Information gleaned via British Ultra code-breaking intelligence proved critical to Allied success in North Africa. Victory for the Allies in this campaign immediately led to the Italian Campaign, which culminated in the downfall of the fascist government in Italy and the elimination of Germany's main European ally.

The North Africa campaign saw numerous atrocities and abuses by both German and Italian forces towards prisoners of war and local Jewish, Berber, and Arab populations.

Western Desert campaign 

On 10 May 1940, the Wehrmacht started the Battle of France (or Westfeldzug). One month later, it was clear that France would have to surrender within two weeks. The Armistice at Compiègne took place on 22 June 1940.

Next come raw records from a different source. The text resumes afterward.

lemma expressed_in_range: "valid X \<Longrightarrow> expressed_list F (leaflist X) \<subseteq> {1..n}"
  using pos_vars_terminals expressed_list_subset unfolding valid_tree_def by blast

lemma fit_le_W: "valid X \<Longrightarrow> fit F w X \<le> W (card (expressed_list F (leaflist X)))"
  unfolding fit_eq_sum_expressed_list by (rule sum_le_W[OF order_refl expressed_in_range])

lemma card_expressed_le_n: "valid X \<Longrightarrow> card (expressed_list F (leaflist X)) \<le> n"
  using card_mono[OF _ expressed_in_range] by fastforce

lemma length_leaflist_le_n: "valid X \<Longrightarrow> non_redundant F X \<Longrightarrow> length (leaflist X) \<le> n"
  using card_expressed_le_n card_expressed_list_eq_iff non_redundant_iff_positive_distinct
  by metis

lemma cplx_ge_expressed: "2 * card (expressed_list F (leaflist X)) - 1 \<le> cplx X"
  using card_expressed_list_le[of F "leaflist X"] by (simp add: cplx_leaflist)

text \<open>The objective vectors of the Pareto front are among these points.\<close>
definition front_point :: "nat \<Rightarrow> real \<times> nat" where
  "front_point k = (W k, 2 * k - 1)"

lemma front_point_if_dominating:
  assumes v: "valid Y" and k: "k \<le> n" and f: "W k \<le> fit F w Y" and c: "cplx Y \<le> 2 * k - 1"
  shows "objvec F w Y = front_point k"
proof -
  define e where "e = card (expressed_list F (leaflist Y))"
  have fb: "fit F w Y \<le> W e" using fit_le_W[OF v] e_def by simp
  have "e \<le> n" using card_expressed_le_n[OF v] e_def by simp
  hence ek: "k \<le> e" using W_strict_mono[of e k] fb f k by (cases "e < k") auto
  have ce: "2 * e - 1 \<le> cplx Y" using cplx_ge_expressed e_def by simp
  show ?thesis
  proof (cases "k = 0")
    case True
    hence "Y = None" using c cplx_eq_0_iff by simp
    thus ?thesis using True fit_None by (simp add: objvec_def front_point_def cplx_def)
  next
    case False
    hence "e = k" using ek ce c by simp
    thus ?thesis using fb f c ce by (simp add: objvec_def front_point_def)
  qed
qed

lemma prefix_tree_on_front:
  assumes "k \<le> n"
  shows "valid (prefix_tree k)" "fit F w (prefix_tree k) = W k" "cplx (prefix_tree k) = 2 * k - 1"
proof -
  have p: "positive_distinct (leaflist (prefix_tree k))"
    by (auto simp: leaflist_prefix_tree positive_distinct_def distinct_map inj_on_def)
  have "pos_vars (leaflist (prefix_tree k)) = {1..k}"
    by (auto simp: leaflist_prefix_tree pos_vars_def)
  thus "fit F w (prefix_tree k) = W k"
    by (simp add: fit_eq_sum_expressed_list expressed_list_positive_distinct[OF p] W_def)
  show "valid (prefix_tree k)"
    using assms by (auto simp: valid_tree_def leaflist_prefix_tree Pos_in_terminals)
  show "cplx (prefix_tree k) = 2 * k - 1" by (simp add: cplx_leaflist leaflist_prefix_tree)
qed

text \<open>Every Pareto optimal tree sits on a front point: otherwise the prefix tree expressing
  as many variables would dominate it.\<close>
lemma pareto_optimal_front_point:
  assumes po: "pareto_optimal n F w X"
  shows "\<exists>k\<le>n. objvec F w X = front_point k"
proof -
  have v: "valid X" using po by (simp add: pareto_optimal_def)
  define e where "e = card (expressed_list F (leaflist X))"
  have fb: "fit F w X \<le> W e" using fit_le_W[OF v] e_def by simp
  have en: "e \<le> n" using card_expressed_le_n[OF v] e_def by simp
  have cb: "2 * e - 1 \<le> cplx X" using cplx_ge_expressed e_def by simp
  have "\<not> strictly_dom F w (prefix_tree e) X"
    using po prefix_tree_on_front[OF en] by (auto simp: pareto_optimal_def)
  hence "fit F w X = W e" "cplx X = 2 * e - 1"
    using prefix_tree_on_front[OF en] fb cb by (auto simp: strictly_dom_def weakly_dom_def)
  thus ?thesis using en by (auto simp: objvec_def front_point_def)
qed

definition covered_upto :: "stree option set \<Rightarrow> nat \<Rightarrow> bool" where
  "covered_upto P k \<longleftrightarrow> (\<forall>k'\<le>k. \<exists>Z\<in>P. objvec F w Z = front_point k')"

lemma covers_front_if_covered_upto: "covered_upto P n \<Longrightarrow> covers_front n F w P"
  unfolding covers_front_def pareto_front_def covered_upto_def
  using pareto_optimal_front_point by fastforce


section \<open>The population invariant\<close>

lemma w_nonneg: "i \<in> {1..n} \<Longrightarrow> 0 \<le> w i"
  using w_pos[of i] by simp

lemma sum_expressed_le_pos_vars:
  "set ys \<subseteq> terminals n \<Longrightarrow> sum w (expressed_list F ys) \<le> sum w (pos_vars ys)"
  using pos_vars_terminals[of ys n] w_nonneg
  by (intro sum_mono2[OF finite_pos_vars expressed_list_subset]) auto

text \<open>A substitution that destroys positive distinctness removes a variable without adding
  a new one, so the positively occurring weight drops.\<close>
lemma substitution_loses_weight:
  assumes px: "positive_distinct (a @ x # b)" and v: "set (a @ x # b) \<subseteq> terminals n"
    and pu: "\<not> positive_distinct (a @ u # b)"
  shows "sum w (pos_vars (a @ u # b)) < sum w (pos_vars (a @ x # b))"
proof -
  obtain j where x: "x = Pos j" using px by (auto simp: positive_distinct_def)
  have j_new: "j \<notin> pos_vars a \<union> pos_vars b" using px x by (auto simp: positive_distinct_def pos_vars_def)
  have x_vars: "pos_vars (a @ x # b) = insert j (pos_vars a \<union> pos_vars b)" using x by simp
  have range: "pos_vars (a @ x # b) \<subseteq> {1..n}" using pos_vars_terminals[OF v] .
  have "pos_vars [u] \<subseteq> pos_vars a \<union> pos_vars b"
    using positive_distinct_insert_fails[OF positive_distinct_delete[OF px] pu] .
  hence "pos_vars (a @ u # b) \<subseteq> pos_vars a \<union> pos_vars b" by auto
  hence "sum w (pos_vars (a @ u # b)) \<le> sum w (pos_vars a \<union> pos_vars b)"
    using x_vars range w_nonneg by (intro sum_mono2) auto
  also have "\<dots> < sum w (pos_vars (a @ x # b))"
    using x_vars j_new w_pos[of j] range by simp
  finally show ?thesis .
qed

lemma leaf_mutation_positive_distinct:
  assumes p: "positive_distinct xs" and v: "set xs \<subseteq> terminals n" and m: "leaf_mutation n xs ys"
  shows "positive_distinct ys
     \<or> (sum w (expressed_list F ys) < sum w (expressed_list F xs) \<and> length ys = length xs)
     \<or> (sum w (expressed_list F ys) \<le> sum w (expressed_list F xs) \<and> length xs < length ys)"
proof -
  have ys_le: "sum w (expressed_list F ys) \<le> sum w (pos_vars ys)"
    using sum_expressed_le_pos_vars[OF leaf_mutation_terminals[OF v m]] .
  have xs_eq: "expressed_list F xs = pos_vars xs" using expressed_list_positive_distinct[OF p] .
  consider (eq) "ys = xs" | (sub) a x b u where "xs = a @ x # b" "ys = a @ u # b"
    | (ins) a b u where "xs = a @ b" "ys = a @ u # b"
    | (del) a x b where "xs = a @ x # b" "ys = a @ b"
    using m unfolding leaf_mutation_def by metis
  thus ?thesis
  proof cases
    case (sub a x b u)
    thus ?thesis using substitution_loses_weight[of a x b u] p v ys_le xs_eq by fastforce
  next
    case (ins a b u)
    show ?thesis
    proof (cases "positive_distinct ys")
      case False
      have "pos_vars [u] \<subseteq> pos_vars a \<union> pos_vars b"
        using positive_distinct_insert_fails[of a b u] p ins False by simp
      hence "pos_vars ys = pos_vars xs" using ins by auto
      thus ?thesis using ys_le xs_eq ins by simp
    qed simp
  qed (use p positive_distinct_delete in simp_all)
qed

On 10 June, the Kingdom of Italy aligned itself with Nazi Germany and declared war upon France and the United Kingdom. British forces (along with Indian and Rhodesian troops) based in Egypt were ordered to take defensive measures, but to avoid  provocation as much as possible. However, on 11 June they began a series of raids against Italian positions in Libya. Following the defeat of France on 25 June, Italian forces in Tripolitania—facing French troops based in Tunisia—redeployed to Cyrenaica to reinforce the Italian Tenth Army. This, coupled with the steadily degrading equipment of the British forces, led General Archibald Wavell to order an end to the raids and place the defence of the Egyptian border with a small screening force.

Italian dictator Benito Mussolini ordered the Tenth Army to invade Egypt by 8 August. Two days later, no invasion having been launched, Mussolini ordered Marshal Graziani that, the moment German forces launched Operation Sea Lion, he was to attack. On 8 September, the Italians—hampered by a lack of transport, enfeebled by the low level of training among officers, and weakened by the state of its supporting equipment—were ordered to invade Egypt the following day. The battle plan was to advance along the coastal road while limited armoured forces operated on the desert flank.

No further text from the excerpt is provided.